The State, knocked down in the early rounds of Aragalaya, is back,

sparring and dodging and delivering upper cuts again as if nothing

 

has happened, as if the struggle is a distant memory. So here come

the secret services in plain clothes knocking on doors of the tuk tuk

 

driver who had a moment of delirious pleasure sitting in the former

president’s armchair. And here is the Criminal Investigation Department

 

taking away the man who counted millions of rupees in a presidential

suitcase before delivering it to the police for safekeeping. Now, that man

 

is marked, charged, taught a lesson. And so it goes. Then further up

the protest chain, the secretary general of the teachers union, he too,

 

captured in the dragnet for having called for a protest on a day when

protests were not allowed.

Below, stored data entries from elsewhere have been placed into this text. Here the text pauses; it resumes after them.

lemma doubly_stochastic_sum_add:
  assumes "doubly_stochastic n P"
  shows "(\<Sum>i<n. \<Sum>j<n. P i j * (f i + g j)) = sum f {..<n} + sum g {..<n}"
proof -
  have "(\<Sum>i<n. \<Sum>j<n. P i j * f i) = (\<Sum>i<n. (\<Sum>j<n. P i j) * f i)"
    by (simp add: sum_distrib_right)
  moreover have "(\<Sum>i<n. \<Sum>j<n. P i j * g j) = (\<Sum>j<n. (\<Sum>i<n. P i j) * g j)"
    by (subst sum.swap) (simp add: sum_distrib_right)
  ultimately show ?thesis
    using assms unfolding doubly_stochastic_def by (simp add: distrib_left sum.distrib)
qed

lemma ln_doubly_stochastic_sum_ge:
  assumes P: "doubly_stochastic n P" and "n > 0"
    and x: "\<And>i. i < n \<Longrightarrow> x i > 0" and y: "\<And>j. j < n \<Longrightarrow> y j > 0"
  shows "ln n + (\<Sum>i<n. ln (x i)) / n + (\<Sum>j<n. ln (y j)) / n
           \<le> ln (\<Sum>i<n. \<Sum>j<n. x i * y j * P i j)"
proof -
  define S where "S = {..<n} \<times> {..<n}"
  define w where "w = (\<lambda>(i,j). P i j / n)"
  define z where "z = (\<lambda>(i,j). n * x i * y j)"
  have P_nonneg: "P i j \<ge> 0" and P_row: "(\<Sum>j<n. P i j) = 1" if "i < n" "j < n" for i j
    using P that unfolding doubly_stochastic_def by auto
  have ln_z: "ln (z (i,j)) = ln n + ln (x i) + ln (y j)" if "i < n" "j < n" for i j
    using \<open>n > 0\<close> x[OF that(1)] y[OF that(2)] by (simp add: z_def ln_mult)
  have "(\<Sum>k\<in>S. w k) = (\<Sum>i<n. \<Sum>j<n. P i j / n)"
    unfolding S_def sum.cartesian_product by (intro sum.cong) (auto simp: w_def)
  also have "\<dots> = 1" using P_row \<open>n > 0\<close> by (simp flip: sum_divide_distrib)
  finally have "(\<Sum>k\<in>S. w k * ln (z k)) \<le> ln (\<Sum>k\<in>S. w k *\<^sub>R z k)"
    using \<open>n > 0\<close> P_nonneg x y
    by (intro concave_on_sum[OF _ _ ln_concave]) (auto simp: S_def w_def z_def)
  also have "(\<Sum>k\<in>S. w k *\<^sub>R z k) = (\<Sum>i<n. \<Sum>j<n. x i * y j * P i j)"
    unfolding S_def sum.cartesian_product using \<open>n > 0\<close>
    by (intro sum.cong) (auto simp: w_def z_def)
  finally have jensen: "(\<Sum>k\<in>S. w k * ln (z k)) \<le> ln (\<Sum>i<n. \<Sum>j<n. x i * y j * P i j)" .
  have "(\<Sum>k\<in>S. w k * ln (z k))
      = (\<Sum>i<n. \<Sum>j<n. P i j * ((ln n + ln (x i)) / n + ln (y j) / n))"
    unfolding S_def sum.cartesian_product
    by (intro sum.cong) (auto simp: w_def ln_z add_divide_distrib distrib_left)
  also have "\<dots> = (\<Sum>i<n. (ln n + ln (x i)) / n) + (\<Sum>j<n. ln (y j) / n)"
    by (rule doubly_stochastic_sum_add[OF P])
  also have "\<dots> = ln n + (\<Sum>i<n. ln (x i)) / n + (\<Sum>j<n. ln (y j)) / n"
    using \<open>n > 0\<close> by (simp add: sum.distrib add_divide_distrib flip: sum_divide_distrib)
  finally show ?thesis using jensen by simp
qed

lemma mtrace_mat_powr_spectral:
  assumes "pos_def n \<rho>" and "pos_def n \<sigma>"
  obtains l m P where "\<And>i. i < n \<Longrightarrow> l i > 0" and "\<And>i. i < n \<Longrightarrow> m i > 0"
    and "doubly_stochastic n P"
    and "Re (det \<rho>) = (\<Prod>i<n. l i)" and "Re (det \<sigma>) = (\<Prod>i<n. m i)"
    and "Re (mtrace (mat_powr \<rho> a * mat_powr \<sigma> c)) = (\<Sum>i<n. \<Sum>j<n. l i powr a * m j powr c * P i j)"
proof -
  obtain U l where U: "unitary n U" and l: "\<forall>i<n. l i > 0"
    and \<rho>: "\<rho> = U * mat_diag n (\<lambda>i. complex_of_real (l i)) * adj U"
    and \<rho>_powr: "mat_powr \<rho> a = U * mat_diag n (\<lambda>i. complex_of_real (l i powr a)) * adj U"
    using mat_powr_pos_def[OF assms(1)] by blast
  obtain V m where V: "unitary n V" and m: "\<forall>i<n. m i > 0"
    and \<sigma>: "\<sigma> = V * mat_diag n (\<lambda>i. complex_of_real (m i)) * adj V"
    and \<sigma>_powr: "mat_powr \<sigma> c = V * mat_diag n (\<lambda>i. complex_of_real (m i powr c)) * adj V"
    using mat_powr_pos_def[OF assms(2)] by blast
  show ?thesis
  proof
    show "doubly_stochastic n (\<lambda>i j. (cmod ((adj U * V) $$ (i,j)))\<^sup>2)"
      by (rule doubly_stochastic_unitary[OF unitary_mult[OF unitary_adj[OF U] V]])
    show "Re (mtrace (mat_powr \<rho> a * mat_powr \<sigma> c))
        = (\<Sum>i<n. \<Sum>j<n. l i powr a * m j powr c * (cmod ((adj U * V) $$ (i,j)))\<^sup>2)"
      unfolding \<rho>_powr \<sigma>_powr by (rule mtrace_unitary_diag_mult[OF U V])
  qed (use l m in \<open>auto simp: \<rho> \<sigma> det_unitary_diag[OF U] det_unitary_diag[OF V] simp flip: of_real_prod\<close>)
qed

lemma ln_mtrace_mat_powr_ge:
  assumes "pos_def d \<rho>" and "pos_def d \<sigma>" and "d \<noteq> 0"
  shows "ln d + \<alpha> / d * ln (Re (det \<rho>)) + (1 - \<alpha>) / d * ln (Re (det \<sigma>))
           \<le> ln (Re (mtrace (mat_powr \<rho> \<alpha> * mat_powr \<sigma> (1 - \<alpha>))))"
proof -
  obtain l m P where l: "\<And>i. i < d \<Longrightarrow> l i > 0" and m: "\<And>i. i < d \<Longrightarrow> m i > 0"
    and P: "doubly_stochastic d P"
    and det_\<rho>: "Re (det \<rho>) = (\<Prod>i<d. l i)" and det_\<sigma>: "Re (det \<sigma>) = (\<Prod>i<d. m i)"
    and trace: "Re (mtrace (mat_powr \<rho> \<alpha> * mat_powr \<sigma> (1 - \<alpha>)))
                  = (\<Sum>i<d. \<Sum>j<d. l i powr \<alpha> * m j powr (1 - \<alpha>) * P i j)"
    using mtrace_mat_powr_spectral[OF assms(1,2)] by blast
  have "ln (Re (det \<rho>)) = (\<Sum>i<d. ln (l i))"
    unfolding det_\<rho> by (intro ln_prod) (auto dest: l)
  moreover have "ln (Re (det \<sigma>)) = (\<Sum>j<d. ln (m j))"
    unfolding det_\<sigma> by (intro ln_prod) (auto dest: m)
  ultimately have "ln d + \<alpha> / d * ln (Re (det \<rho>)) + (1 - \<alpha>) / d * ln (Re (det \<sigma>))
      = ln d + (\<Sum>i<d. ln (l i powr \<alpha>)) / d + (\<Sum>j<d. ln (m j powr (1 - \<alpha>))) / d"
    using l m by (simp add: ln_powr sum_distrib_left sum_divide_distrib)
  also have "\<dots> \<le> ln (Re (mtrace (mat_powr \<rho> \<alpha> * mat_powr \<sigma> (1 - \<alpha>))))"
    unfolding trace using \<open>d \<noteq> 0\<close> by (intro ln_doubly_stochastic_sum_ge[OF P]) (auto dest: l m)
  finally show ?thesis .
qed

And so throughout the island people are going

 

to bed afraid and angry that they might get visited for their bold

entrances into the presidential quarters, the Family secretariat,

 

the Rajapaksa Temple Trees, and any other monument to the pre-

Aragalaya, business as usual, I take my ten percent. The inventor

 

of the phrase, by the way, is still too on the island creating a brief

lift in the hope quotient that the striking back of the Empire is not

 

complete, that Aragalaya Force will resist, that we will not forget,

not only recent events, but 1958 and 1983 and 2019 and all other

 

sad years of our democratic breakdown, our arriving at the gates

of hell, without food or petrol or medicine but the miracle

 

on the Green, not only the Pope speaking there in 2015

but now, the tent city, the light in the darkness,

 

the Aragalaya Residences, made by the people,

with the people, and for the future of the people.